What is expected — Copy word for word, please, the lines of the entries below running from the one containing "(metis ennreal_neq_top top.extremum_uniqueI)" to the one containing "by (intro sublinear_exp_mono[OF E] bLip_cyl_add", both ends included.

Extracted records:
___

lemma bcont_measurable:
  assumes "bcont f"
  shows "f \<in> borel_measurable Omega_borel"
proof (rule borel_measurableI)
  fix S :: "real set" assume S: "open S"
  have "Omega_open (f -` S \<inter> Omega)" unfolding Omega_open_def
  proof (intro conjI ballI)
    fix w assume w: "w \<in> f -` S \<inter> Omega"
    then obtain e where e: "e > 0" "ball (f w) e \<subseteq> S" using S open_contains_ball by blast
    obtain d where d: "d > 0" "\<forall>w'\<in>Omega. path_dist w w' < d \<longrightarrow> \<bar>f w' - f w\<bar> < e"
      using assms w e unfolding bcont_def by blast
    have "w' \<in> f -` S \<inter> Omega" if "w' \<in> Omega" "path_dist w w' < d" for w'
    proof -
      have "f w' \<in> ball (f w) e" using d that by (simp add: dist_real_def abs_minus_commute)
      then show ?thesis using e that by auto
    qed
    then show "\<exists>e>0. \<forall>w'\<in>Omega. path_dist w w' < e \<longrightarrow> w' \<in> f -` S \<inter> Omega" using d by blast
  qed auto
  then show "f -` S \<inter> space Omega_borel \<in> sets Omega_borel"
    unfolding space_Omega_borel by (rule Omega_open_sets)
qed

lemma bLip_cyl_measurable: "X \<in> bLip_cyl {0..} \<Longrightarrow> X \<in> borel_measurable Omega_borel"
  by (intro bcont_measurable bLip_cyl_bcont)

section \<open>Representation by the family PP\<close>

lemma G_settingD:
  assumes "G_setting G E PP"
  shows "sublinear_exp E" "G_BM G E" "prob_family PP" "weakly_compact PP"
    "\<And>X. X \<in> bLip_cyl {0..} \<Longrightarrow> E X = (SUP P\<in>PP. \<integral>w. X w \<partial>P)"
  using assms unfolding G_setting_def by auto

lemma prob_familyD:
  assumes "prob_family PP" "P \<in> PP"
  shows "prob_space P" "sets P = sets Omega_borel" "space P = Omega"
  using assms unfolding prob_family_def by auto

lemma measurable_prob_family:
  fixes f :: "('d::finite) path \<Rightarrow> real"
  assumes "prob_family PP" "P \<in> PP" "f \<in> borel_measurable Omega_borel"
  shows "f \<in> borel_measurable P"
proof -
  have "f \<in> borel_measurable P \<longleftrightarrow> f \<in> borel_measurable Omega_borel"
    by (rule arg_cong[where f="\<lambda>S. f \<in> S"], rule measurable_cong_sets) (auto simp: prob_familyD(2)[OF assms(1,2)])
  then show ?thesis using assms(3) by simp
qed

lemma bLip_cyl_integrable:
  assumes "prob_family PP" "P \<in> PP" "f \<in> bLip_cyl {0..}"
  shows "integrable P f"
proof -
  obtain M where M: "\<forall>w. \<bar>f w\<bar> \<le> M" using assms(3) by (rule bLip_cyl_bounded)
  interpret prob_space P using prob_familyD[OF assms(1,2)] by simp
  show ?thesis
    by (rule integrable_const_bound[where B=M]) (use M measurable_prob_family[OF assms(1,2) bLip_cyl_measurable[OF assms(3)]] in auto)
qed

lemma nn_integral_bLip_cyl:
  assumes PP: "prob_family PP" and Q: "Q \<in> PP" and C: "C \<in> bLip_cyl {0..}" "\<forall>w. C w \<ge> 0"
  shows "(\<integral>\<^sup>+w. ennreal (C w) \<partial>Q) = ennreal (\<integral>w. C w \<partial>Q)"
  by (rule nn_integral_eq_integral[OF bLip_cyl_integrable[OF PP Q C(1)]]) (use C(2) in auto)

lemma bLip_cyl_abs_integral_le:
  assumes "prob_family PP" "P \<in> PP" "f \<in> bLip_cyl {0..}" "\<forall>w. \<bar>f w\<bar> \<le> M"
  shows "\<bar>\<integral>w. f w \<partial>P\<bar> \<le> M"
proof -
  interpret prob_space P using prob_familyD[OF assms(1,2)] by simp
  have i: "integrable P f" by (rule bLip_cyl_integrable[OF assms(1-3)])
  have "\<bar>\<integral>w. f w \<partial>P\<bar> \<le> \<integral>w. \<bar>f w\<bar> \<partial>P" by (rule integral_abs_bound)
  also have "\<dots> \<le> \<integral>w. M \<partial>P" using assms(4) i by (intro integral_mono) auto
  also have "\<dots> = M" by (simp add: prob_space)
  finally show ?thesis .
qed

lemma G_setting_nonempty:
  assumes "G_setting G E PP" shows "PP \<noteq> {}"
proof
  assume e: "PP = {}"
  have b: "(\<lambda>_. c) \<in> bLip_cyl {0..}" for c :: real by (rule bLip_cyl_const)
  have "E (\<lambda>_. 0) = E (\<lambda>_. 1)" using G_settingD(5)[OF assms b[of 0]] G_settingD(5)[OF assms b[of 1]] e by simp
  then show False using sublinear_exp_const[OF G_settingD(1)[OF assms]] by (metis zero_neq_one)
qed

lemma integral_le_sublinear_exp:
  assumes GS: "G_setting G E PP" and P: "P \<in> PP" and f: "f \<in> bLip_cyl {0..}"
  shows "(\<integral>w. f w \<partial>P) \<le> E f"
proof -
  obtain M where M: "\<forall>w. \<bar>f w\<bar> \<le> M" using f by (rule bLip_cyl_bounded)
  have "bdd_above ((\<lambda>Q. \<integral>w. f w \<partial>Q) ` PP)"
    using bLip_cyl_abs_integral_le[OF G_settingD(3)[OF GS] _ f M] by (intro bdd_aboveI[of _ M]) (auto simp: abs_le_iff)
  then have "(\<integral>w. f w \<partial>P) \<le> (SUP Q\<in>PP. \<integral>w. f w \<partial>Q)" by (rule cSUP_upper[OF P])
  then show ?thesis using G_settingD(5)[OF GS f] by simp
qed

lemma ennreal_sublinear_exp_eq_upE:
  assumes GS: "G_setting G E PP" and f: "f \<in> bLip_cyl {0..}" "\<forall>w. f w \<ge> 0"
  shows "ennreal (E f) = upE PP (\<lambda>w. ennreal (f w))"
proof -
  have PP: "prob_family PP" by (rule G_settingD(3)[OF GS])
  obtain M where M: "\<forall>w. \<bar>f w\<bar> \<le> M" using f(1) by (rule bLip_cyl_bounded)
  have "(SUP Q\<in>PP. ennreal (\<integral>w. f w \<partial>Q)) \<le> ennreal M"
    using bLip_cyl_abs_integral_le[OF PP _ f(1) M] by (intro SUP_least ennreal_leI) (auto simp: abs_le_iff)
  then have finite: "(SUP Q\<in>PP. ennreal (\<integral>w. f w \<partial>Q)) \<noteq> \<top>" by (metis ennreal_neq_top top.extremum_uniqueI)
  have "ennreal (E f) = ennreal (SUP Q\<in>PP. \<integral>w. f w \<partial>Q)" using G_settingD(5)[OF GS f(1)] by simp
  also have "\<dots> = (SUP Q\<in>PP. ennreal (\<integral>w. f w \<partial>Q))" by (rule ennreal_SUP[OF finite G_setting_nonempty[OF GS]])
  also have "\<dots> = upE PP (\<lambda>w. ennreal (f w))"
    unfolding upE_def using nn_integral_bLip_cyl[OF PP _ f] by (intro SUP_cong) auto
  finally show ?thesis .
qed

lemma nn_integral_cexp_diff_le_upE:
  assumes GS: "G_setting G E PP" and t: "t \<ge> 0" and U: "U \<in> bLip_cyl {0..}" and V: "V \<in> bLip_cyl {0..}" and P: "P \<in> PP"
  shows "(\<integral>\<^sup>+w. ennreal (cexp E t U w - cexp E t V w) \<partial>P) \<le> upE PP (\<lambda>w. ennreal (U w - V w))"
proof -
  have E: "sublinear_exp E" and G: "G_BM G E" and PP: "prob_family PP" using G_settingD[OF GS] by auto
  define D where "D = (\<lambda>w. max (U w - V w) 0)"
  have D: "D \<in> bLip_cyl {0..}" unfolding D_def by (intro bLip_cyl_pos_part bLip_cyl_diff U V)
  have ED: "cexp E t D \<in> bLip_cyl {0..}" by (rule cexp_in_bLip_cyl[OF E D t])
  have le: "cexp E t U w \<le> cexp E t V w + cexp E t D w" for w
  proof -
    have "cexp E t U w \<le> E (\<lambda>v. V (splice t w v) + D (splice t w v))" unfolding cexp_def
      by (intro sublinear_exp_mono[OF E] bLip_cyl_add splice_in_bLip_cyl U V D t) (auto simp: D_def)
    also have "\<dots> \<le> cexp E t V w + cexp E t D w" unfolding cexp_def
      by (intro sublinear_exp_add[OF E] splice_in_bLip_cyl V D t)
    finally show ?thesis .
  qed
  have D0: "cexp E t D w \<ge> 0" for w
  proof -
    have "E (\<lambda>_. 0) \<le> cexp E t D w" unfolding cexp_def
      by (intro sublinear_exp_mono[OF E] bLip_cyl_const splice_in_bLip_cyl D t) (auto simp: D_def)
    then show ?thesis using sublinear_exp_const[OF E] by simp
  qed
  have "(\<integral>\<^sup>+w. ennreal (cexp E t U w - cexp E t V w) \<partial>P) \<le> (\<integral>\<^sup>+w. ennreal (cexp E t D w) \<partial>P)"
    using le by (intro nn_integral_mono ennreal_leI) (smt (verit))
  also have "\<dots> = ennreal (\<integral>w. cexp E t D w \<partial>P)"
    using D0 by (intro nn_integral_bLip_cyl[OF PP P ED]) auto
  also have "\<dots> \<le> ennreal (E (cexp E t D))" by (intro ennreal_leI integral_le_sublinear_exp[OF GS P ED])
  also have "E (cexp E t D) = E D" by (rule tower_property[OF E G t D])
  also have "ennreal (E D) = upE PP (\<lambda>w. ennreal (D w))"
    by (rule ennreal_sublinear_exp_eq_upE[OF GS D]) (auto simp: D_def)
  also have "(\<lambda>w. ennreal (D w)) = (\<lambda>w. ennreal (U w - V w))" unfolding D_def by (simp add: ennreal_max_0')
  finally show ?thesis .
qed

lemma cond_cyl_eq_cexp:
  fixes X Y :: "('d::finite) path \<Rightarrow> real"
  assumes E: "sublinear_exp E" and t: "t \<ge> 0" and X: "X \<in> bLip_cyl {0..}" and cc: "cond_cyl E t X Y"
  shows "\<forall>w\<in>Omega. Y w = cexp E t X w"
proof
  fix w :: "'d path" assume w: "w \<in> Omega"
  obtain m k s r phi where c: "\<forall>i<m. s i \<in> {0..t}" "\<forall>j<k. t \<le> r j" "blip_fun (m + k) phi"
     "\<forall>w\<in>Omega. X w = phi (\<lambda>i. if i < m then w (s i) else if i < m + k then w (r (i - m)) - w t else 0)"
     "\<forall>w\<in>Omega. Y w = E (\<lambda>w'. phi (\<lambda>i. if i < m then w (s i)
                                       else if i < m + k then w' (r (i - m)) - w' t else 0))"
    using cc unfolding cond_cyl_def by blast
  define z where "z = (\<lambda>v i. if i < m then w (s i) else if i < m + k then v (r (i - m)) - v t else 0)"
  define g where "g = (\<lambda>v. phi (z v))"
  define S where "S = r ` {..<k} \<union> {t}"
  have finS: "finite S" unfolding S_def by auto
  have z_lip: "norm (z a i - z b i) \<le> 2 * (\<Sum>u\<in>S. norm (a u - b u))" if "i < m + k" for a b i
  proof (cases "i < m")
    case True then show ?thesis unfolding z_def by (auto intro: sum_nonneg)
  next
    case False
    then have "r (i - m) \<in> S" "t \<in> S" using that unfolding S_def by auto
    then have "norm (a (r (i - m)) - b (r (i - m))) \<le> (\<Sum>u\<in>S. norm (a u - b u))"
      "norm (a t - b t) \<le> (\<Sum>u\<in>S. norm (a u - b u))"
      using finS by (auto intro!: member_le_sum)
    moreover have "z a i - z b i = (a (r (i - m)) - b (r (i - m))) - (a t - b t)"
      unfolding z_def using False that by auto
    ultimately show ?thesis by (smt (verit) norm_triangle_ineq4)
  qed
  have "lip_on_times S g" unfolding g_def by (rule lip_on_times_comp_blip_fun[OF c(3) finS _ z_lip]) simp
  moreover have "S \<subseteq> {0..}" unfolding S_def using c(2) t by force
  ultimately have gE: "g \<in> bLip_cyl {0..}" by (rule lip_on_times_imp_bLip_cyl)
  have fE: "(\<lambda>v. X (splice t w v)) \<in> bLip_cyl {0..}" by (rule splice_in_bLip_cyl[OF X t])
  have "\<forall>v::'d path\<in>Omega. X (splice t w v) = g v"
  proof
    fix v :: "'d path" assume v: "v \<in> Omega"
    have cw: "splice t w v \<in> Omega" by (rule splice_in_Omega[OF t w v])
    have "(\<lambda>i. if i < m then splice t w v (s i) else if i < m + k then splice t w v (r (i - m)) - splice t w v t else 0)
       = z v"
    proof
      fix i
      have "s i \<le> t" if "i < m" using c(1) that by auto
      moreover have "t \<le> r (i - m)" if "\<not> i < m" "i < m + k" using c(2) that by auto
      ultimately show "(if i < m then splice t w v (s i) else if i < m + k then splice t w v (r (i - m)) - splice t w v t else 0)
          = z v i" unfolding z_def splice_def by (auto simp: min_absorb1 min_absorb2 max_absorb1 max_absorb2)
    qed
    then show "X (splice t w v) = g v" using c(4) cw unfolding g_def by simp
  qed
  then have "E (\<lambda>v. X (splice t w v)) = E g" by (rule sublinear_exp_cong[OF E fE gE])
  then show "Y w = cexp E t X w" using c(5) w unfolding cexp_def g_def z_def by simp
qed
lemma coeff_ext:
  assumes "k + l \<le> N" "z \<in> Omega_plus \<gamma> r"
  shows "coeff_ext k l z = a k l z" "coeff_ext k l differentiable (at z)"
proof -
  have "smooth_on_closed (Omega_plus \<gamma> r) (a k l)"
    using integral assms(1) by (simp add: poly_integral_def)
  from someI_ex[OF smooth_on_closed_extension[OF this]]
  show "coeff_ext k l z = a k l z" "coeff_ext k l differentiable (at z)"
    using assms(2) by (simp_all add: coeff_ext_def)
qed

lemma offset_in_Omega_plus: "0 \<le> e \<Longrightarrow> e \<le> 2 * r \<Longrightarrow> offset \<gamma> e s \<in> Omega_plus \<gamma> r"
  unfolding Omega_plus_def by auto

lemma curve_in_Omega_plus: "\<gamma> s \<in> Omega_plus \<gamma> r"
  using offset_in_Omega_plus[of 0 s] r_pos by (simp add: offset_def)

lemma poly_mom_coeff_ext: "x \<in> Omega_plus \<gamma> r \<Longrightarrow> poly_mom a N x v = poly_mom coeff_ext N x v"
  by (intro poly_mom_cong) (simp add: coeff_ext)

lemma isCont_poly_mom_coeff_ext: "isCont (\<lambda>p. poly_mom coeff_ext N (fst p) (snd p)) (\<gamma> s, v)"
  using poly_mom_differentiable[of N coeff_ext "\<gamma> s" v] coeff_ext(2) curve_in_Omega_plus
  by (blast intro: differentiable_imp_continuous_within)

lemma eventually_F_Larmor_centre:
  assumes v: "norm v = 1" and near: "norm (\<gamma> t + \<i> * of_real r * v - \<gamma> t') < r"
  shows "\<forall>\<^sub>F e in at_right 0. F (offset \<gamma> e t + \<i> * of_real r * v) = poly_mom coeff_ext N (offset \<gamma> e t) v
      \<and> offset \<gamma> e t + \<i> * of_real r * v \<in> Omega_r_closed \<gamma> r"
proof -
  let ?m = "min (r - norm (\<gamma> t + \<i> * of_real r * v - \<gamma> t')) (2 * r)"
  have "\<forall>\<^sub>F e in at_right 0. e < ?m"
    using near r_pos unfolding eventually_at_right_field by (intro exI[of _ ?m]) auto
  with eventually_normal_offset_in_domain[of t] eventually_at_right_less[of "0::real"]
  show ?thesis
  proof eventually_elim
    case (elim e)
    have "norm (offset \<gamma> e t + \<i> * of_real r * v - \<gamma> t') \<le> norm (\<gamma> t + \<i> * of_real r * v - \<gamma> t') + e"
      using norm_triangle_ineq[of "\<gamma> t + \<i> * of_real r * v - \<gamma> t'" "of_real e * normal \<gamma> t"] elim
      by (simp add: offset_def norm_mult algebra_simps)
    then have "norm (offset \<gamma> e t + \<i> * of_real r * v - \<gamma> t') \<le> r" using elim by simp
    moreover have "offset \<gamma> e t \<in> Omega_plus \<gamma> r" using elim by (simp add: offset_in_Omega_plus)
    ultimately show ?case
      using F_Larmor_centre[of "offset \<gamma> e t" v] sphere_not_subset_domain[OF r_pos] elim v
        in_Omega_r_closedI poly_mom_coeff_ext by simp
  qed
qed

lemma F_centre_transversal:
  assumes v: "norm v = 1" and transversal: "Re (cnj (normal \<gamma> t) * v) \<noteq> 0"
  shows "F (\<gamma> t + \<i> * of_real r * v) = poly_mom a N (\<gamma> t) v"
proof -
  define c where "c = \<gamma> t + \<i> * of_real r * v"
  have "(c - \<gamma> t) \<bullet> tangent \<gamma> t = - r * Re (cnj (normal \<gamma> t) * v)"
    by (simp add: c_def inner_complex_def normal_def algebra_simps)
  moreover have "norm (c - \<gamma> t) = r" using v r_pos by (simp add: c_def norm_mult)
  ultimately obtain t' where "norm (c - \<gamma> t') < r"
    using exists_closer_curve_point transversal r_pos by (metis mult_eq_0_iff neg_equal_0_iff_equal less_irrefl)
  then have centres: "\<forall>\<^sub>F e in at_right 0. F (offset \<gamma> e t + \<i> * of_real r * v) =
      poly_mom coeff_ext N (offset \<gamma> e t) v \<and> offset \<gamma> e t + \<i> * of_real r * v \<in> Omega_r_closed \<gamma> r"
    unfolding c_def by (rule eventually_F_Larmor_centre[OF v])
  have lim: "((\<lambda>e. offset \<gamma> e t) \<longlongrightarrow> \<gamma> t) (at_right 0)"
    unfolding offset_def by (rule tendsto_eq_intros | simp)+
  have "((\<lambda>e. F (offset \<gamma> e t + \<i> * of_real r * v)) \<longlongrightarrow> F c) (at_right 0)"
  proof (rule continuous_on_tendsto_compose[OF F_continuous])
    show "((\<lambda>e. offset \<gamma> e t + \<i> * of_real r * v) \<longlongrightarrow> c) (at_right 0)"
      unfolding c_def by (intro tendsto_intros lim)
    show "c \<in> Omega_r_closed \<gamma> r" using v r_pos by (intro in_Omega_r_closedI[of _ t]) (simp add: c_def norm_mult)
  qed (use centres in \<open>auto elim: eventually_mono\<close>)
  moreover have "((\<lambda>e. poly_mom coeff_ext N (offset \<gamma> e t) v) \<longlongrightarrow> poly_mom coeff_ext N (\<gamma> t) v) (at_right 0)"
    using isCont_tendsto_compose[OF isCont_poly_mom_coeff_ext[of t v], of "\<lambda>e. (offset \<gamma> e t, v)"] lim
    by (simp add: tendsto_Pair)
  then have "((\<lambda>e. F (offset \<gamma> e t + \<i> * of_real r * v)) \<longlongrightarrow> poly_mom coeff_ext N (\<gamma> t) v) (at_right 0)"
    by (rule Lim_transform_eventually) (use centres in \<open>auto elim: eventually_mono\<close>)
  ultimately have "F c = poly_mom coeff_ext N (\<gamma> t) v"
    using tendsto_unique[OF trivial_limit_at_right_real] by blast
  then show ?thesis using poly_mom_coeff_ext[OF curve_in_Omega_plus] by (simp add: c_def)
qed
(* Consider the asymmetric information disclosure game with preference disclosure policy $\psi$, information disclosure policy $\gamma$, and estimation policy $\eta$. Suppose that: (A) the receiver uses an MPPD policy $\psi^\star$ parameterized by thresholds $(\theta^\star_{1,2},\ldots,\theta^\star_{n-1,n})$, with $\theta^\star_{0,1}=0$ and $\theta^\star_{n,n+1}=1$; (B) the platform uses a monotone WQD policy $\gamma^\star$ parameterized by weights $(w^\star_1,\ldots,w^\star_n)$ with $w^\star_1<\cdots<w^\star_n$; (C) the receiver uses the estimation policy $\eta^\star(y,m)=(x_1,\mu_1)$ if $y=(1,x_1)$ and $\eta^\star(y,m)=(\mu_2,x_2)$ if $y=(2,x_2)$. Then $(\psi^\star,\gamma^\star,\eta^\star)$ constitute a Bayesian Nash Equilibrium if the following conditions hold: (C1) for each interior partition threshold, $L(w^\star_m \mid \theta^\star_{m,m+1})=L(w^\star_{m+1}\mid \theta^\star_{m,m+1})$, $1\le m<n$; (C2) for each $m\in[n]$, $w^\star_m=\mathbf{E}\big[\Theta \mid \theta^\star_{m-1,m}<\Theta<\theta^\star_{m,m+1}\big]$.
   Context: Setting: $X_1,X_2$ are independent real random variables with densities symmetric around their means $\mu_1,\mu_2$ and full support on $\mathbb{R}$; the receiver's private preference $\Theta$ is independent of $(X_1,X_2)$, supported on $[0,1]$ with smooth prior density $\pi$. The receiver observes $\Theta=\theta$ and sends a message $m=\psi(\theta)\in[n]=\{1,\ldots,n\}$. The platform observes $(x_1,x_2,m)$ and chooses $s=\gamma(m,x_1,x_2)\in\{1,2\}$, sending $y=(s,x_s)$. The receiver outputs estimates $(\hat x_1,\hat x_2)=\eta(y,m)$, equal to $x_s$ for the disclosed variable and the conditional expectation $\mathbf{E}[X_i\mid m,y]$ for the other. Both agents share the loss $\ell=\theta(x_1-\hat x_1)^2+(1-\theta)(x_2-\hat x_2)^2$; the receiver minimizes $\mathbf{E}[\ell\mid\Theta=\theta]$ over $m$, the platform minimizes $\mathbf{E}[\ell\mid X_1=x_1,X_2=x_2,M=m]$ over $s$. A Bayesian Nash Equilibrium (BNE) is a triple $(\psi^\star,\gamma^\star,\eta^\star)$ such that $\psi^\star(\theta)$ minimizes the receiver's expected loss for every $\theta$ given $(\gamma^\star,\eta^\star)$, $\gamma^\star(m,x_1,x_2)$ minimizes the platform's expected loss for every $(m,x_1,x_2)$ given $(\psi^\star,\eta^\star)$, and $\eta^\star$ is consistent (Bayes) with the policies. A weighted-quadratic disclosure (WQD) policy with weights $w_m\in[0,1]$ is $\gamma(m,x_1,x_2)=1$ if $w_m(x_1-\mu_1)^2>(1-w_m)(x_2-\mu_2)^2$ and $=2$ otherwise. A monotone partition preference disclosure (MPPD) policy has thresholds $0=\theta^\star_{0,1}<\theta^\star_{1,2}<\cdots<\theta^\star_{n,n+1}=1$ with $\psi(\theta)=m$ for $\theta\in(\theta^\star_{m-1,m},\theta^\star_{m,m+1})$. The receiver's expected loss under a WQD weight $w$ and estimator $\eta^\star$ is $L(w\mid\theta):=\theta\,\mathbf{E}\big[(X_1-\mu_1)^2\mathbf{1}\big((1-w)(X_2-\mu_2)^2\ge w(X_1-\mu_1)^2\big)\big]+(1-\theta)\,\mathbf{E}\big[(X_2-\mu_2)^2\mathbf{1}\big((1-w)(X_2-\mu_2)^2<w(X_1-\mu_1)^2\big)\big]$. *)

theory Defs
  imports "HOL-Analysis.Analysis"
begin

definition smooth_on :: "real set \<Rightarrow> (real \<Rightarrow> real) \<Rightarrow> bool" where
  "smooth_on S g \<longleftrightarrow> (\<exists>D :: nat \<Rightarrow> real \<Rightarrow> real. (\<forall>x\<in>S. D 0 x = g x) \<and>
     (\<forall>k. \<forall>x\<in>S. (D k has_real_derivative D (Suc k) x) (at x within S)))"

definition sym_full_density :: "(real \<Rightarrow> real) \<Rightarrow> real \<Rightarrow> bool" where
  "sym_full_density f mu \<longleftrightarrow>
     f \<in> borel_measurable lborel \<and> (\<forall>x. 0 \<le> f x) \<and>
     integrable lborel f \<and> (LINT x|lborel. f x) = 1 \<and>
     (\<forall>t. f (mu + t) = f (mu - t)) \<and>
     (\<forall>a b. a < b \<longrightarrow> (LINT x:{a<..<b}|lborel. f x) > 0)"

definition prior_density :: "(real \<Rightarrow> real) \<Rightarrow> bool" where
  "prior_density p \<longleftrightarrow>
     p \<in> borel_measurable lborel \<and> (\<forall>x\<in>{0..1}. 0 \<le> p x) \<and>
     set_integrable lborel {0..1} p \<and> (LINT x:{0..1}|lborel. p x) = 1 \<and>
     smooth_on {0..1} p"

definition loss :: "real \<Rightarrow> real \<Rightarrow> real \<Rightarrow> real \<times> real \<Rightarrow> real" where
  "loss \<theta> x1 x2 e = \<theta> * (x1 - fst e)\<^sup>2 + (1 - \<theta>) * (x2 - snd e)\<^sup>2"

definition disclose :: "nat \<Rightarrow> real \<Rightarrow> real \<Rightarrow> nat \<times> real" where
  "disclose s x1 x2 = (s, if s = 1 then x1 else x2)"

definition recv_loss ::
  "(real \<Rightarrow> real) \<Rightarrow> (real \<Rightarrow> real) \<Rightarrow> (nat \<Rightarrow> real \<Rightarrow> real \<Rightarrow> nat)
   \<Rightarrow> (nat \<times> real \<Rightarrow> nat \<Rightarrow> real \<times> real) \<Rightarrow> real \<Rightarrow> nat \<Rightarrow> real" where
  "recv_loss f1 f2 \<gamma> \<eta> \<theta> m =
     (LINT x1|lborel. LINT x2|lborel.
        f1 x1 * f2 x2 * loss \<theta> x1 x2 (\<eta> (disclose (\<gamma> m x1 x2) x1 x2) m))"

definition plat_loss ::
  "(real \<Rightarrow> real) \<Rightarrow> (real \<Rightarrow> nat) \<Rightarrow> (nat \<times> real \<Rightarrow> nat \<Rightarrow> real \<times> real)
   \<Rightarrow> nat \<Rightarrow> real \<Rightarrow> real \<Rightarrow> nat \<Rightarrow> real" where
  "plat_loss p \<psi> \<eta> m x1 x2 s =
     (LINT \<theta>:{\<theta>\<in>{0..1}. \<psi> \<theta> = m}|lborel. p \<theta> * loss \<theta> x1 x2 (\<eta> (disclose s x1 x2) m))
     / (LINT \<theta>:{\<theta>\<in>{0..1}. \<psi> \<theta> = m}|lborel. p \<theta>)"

___

Exercise output —
  then have finite: "(SUP Q\<in>PP. ennreal (\<integral>w. f w \<partial>Q)) \<noteq> \<top>" by (metis ennreal_neq_top top.extremum_uniqueI)
  have "ennreal (E f) = ennreal (SUP Q\<in>PP. \<integral>w. f w \<partial>Q)" using G_settingD(5)[OF GS f(1)] by simp
  also have "\<dots> = (SUP Q\<in>PP. ennreal (\<integral>w. f w \<partial>Q))" by (rule ennreal_SUP[OF finite G_setting_nonempty[OF GS]])
  also have "\<dots> = upE PP (\<lambda>w. ennreal (f w))"
    unfolding upE_def using nn_integral_bLip_cyl[OF PP _ f] by (intro SUP_cong) auto
  finally show ?thesis .
qed

lemma nn_integral_cexp_diff_le_upE:
  assumes GS: "G_setting G E PP" and t: "t \<ge> 0" and U: "U \<in> bLip_cyl {0..}" and V: "V \<in> bLip_cyl {0..}" and P: "P \<in> PP"
  shows "(\<integral>\<^sup>+w. ennreal (cexp E t U w - cexp E t V w) \<partial>P) \<le> upE PP (\<lambda>w. ennreal (U w - V w))"
proof -
  have E: "sublinear_exp E" and G: "G_BM G E" and PP: "prob_family PP" using G_settingD[OF GS] by auto
  define D where "D = (\<lambda>w. max (U w - V w) 0)"
  have D: "D \<in> bLip_cyl {0..}" unfolding D_def by (intro bLip_cyl_pos_part bLip_cyl_diff U V)
  have ED: "cexp E t D \<in> bLip_cyl {0..}" by (rule cexp_in_bLip_cyl[OF E D t])
  have le: "cexp E t U w \<le> cexp E t V w + cexp E t D w" for w
  proof -
    have "cexp E t U w \<le> E (\<lambda>v. V (splice t w v) + D (splice t w v))" unfolding cexp_def
      by (intro sublinear_exp_mono[OF E] bLip_cyl_add splice_in_bLip_cyl U V D t) (auto simp: D_def)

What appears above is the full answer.